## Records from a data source
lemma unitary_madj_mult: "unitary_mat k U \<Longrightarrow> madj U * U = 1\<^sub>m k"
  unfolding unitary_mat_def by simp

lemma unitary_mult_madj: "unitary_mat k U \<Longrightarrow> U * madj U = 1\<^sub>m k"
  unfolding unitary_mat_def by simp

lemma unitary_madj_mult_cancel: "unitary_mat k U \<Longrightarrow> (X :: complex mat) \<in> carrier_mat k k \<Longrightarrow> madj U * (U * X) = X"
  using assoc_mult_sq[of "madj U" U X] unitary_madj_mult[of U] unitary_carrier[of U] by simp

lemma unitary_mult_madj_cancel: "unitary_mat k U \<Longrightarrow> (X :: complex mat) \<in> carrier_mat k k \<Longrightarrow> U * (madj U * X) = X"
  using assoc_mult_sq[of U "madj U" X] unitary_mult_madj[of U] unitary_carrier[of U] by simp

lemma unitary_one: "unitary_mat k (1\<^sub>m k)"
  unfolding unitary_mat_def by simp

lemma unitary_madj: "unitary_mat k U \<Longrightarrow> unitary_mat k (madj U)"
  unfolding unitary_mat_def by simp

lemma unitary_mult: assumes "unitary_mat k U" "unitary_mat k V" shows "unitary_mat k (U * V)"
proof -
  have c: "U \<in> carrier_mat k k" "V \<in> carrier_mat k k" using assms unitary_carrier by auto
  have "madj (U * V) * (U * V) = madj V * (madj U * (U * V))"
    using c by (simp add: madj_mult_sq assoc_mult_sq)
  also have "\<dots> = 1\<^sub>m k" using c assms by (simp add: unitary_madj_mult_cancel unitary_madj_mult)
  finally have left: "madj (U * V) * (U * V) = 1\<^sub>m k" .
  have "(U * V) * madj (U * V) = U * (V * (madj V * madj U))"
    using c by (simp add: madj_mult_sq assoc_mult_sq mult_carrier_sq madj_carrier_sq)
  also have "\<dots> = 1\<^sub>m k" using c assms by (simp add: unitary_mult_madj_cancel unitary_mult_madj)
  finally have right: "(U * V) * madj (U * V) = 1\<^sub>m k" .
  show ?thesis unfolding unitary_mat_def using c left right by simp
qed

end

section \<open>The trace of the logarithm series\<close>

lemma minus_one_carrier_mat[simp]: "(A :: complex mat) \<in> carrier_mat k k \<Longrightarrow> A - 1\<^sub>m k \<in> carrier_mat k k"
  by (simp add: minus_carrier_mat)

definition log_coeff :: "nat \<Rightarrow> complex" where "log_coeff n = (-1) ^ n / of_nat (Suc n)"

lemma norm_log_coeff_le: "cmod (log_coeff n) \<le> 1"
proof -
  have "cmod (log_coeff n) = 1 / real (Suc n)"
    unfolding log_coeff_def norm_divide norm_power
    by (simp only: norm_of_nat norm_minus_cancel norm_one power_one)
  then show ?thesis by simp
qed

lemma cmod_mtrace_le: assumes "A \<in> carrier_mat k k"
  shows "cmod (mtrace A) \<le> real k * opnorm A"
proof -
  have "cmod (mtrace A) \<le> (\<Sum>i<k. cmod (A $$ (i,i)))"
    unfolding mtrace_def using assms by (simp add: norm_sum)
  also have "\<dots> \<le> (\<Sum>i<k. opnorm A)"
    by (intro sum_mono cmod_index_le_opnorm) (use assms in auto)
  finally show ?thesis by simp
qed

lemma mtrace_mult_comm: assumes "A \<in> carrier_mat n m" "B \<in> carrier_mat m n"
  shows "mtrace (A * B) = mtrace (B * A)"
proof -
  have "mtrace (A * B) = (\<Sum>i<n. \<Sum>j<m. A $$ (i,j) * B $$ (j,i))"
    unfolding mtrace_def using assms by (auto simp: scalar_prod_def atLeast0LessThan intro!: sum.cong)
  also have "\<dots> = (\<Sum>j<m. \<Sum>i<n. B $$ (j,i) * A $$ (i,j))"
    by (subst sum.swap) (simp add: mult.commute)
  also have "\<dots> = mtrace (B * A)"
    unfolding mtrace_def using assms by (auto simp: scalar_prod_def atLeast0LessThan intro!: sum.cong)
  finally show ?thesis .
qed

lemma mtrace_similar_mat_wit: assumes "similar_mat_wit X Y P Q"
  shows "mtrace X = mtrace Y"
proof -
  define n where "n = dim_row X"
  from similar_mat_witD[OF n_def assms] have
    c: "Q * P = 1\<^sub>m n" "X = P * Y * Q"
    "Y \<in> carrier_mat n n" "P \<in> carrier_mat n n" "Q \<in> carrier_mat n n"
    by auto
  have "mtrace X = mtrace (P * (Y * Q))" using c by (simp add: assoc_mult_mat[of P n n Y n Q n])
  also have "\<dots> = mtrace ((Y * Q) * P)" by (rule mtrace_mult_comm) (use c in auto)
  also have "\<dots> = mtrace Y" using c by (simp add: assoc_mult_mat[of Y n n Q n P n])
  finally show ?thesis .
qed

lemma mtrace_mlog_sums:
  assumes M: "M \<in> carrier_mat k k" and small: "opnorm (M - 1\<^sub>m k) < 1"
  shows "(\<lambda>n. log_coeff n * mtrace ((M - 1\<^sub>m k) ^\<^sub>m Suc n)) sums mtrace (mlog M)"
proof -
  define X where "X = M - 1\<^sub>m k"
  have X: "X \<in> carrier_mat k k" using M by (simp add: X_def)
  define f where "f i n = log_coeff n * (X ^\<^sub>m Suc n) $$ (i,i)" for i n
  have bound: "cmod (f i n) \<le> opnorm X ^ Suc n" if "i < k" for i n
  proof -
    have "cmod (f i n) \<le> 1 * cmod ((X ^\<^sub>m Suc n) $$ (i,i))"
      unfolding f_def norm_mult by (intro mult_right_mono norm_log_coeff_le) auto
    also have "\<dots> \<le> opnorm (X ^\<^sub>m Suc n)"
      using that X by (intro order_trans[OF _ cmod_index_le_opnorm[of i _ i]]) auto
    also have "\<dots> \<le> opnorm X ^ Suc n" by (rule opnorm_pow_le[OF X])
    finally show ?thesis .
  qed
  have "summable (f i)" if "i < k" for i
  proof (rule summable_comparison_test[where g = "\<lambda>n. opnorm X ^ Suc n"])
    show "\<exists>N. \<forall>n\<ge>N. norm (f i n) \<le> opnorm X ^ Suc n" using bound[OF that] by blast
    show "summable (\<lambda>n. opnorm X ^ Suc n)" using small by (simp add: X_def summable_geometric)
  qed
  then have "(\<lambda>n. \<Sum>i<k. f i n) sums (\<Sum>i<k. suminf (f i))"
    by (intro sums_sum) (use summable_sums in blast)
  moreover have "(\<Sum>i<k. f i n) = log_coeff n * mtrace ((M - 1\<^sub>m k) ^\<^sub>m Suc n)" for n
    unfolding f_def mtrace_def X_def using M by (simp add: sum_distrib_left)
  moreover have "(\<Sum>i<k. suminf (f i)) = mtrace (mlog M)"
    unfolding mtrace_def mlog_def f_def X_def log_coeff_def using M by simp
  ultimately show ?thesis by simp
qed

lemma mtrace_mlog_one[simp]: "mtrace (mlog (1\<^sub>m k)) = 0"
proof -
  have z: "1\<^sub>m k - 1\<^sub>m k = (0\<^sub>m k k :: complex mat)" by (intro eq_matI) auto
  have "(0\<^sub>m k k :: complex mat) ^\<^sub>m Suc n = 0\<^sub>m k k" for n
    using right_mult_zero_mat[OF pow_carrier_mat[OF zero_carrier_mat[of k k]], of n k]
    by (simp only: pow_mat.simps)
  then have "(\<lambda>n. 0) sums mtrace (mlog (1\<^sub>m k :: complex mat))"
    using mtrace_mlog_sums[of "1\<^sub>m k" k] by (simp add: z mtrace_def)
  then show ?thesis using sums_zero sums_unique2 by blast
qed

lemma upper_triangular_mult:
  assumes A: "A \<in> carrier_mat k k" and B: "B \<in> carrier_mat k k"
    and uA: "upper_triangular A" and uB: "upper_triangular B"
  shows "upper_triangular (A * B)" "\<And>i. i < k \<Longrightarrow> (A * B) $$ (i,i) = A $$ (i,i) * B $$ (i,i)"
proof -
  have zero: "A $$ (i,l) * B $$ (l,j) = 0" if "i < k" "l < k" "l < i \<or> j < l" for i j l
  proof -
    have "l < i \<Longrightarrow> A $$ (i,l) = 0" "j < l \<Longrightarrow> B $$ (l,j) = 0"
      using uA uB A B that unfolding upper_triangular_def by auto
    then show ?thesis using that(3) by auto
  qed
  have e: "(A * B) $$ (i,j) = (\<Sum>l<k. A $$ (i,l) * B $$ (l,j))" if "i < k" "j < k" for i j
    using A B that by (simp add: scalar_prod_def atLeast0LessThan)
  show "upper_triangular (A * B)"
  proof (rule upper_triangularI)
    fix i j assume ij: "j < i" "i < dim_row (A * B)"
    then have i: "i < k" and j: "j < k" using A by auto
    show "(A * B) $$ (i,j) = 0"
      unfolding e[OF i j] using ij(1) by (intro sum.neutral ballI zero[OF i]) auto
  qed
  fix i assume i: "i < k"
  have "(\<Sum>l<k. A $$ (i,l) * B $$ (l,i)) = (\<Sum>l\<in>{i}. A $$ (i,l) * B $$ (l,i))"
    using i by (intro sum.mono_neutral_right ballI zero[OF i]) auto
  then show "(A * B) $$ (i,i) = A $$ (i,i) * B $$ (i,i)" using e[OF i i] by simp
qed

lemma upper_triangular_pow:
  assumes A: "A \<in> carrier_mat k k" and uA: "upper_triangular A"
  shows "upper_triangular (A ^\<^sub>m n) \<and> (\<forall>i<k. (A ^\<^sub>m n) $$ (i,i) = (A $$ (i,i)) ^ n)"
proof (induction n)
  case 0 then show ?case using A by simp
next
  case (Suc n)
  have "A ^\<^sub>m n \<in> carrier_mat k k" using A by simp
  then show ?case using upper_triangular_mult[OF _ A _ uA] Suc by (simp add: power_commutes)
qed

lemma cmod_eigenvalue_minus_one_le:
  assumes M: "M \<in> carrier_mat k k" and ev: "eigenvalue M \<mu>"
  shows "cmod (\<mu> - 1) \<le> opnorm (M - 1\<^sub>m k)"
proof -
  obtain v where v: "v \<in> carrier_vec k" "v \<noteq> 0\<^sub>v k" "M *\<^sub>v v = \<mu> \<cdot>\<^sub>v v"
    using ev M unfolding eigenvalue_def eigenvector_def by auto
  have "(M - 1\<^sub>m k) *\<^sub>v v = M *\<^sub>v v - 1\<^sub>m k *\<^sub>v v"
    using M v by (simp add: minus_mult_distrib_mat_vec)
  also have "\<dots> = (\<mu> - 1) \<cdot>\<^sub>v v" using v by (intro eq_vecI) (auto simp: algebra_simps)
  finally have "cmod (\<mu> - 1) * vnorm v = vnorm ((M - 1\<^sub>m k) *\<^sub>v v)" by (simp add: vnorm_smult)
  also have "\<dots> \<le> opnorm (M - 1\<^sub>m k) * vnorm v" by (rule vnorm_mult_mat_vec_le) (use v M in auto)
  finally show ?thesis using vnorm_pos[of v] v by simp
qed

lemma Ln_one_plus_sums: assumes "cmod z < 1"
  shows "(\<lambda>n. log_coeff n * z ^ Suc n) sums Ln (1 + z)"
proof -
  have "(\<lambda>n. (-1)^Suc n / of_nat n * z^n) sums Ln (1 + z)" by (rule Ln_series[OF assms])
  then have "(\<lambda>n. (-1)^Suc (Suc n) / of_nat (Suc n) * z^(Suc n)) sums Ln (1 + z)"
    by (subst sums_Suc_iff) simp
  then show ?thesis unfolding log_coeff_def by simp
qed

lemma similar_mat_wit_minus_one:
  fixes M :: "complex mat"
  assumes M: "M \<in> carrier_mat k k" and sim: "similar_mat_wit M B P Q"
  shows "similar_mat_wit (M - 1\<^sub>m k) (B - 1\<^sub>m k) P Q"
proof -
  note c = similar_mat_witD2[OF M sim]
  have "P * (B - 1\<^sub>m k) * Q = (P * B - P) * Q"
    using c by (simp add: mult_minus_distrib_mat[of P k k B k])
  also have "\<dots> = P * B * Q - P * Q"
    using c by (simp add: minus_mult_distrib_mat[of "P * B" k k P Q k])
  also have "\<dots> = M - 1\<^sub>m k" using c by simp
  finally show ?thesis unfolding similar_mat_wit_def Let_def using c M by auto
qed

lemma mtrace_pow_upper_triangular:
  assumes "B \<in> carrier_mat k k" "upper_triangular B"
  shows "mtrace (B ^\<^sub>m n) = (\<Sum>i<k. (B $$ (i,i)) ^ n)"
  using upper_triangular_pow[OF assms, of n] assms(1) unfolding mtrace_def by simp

## Action item
The line above containing "define n where", the line containing "define f where", and every line between them are to be transcribed exactly; no other line is wanted.

## Answer to the problem
  define n where "n = dim_row X"
  from similar_mat_witD[OF n_def assms] have
    c: "Q * P = 1\<^sub>m n" "X = P * Y * Q"
    "Y \<in> carrier_mat n n" "P \<in> carrier_mat n n" "Q \<in> carrier_mat n n"
    by auto
  have "mtrace X = mtrace (P * (Y * Q))" using c by (simp add: assoc_mult_mat[of P n n Y n Q n])
  also have "\<dots> = mtrace ((Y * Q) * P)" by (rule mtrace_mult_comm) (use c in auto)
  also have "\<dots> = mtrace Y" using c by (simp add: assoc_mult_mat[of Y n n Q n P n])
  finally show ?thesis .
qed

lemma mtrace_mlog_sums:
  assumes M: "M \<in> carrier_mat k k" and small: "opnorm (M - 1\<^sub>m k) < 1"
  shows "(\<lambda>n. log_coeff n * mtrace ((M - 1\<^sub>m k) ^\<^sub>m Suc n)) sums mtrace (mlog M)"
proof -
  define X where "X = M - 1\<^sub>m k"
  have X: "X \<in> carrier_mat k k" using M by (simp add: X_def)
  define f where "f i n = log_coeff n * (X ^\<^sub>m Suc n) $$ (i,i)" for i n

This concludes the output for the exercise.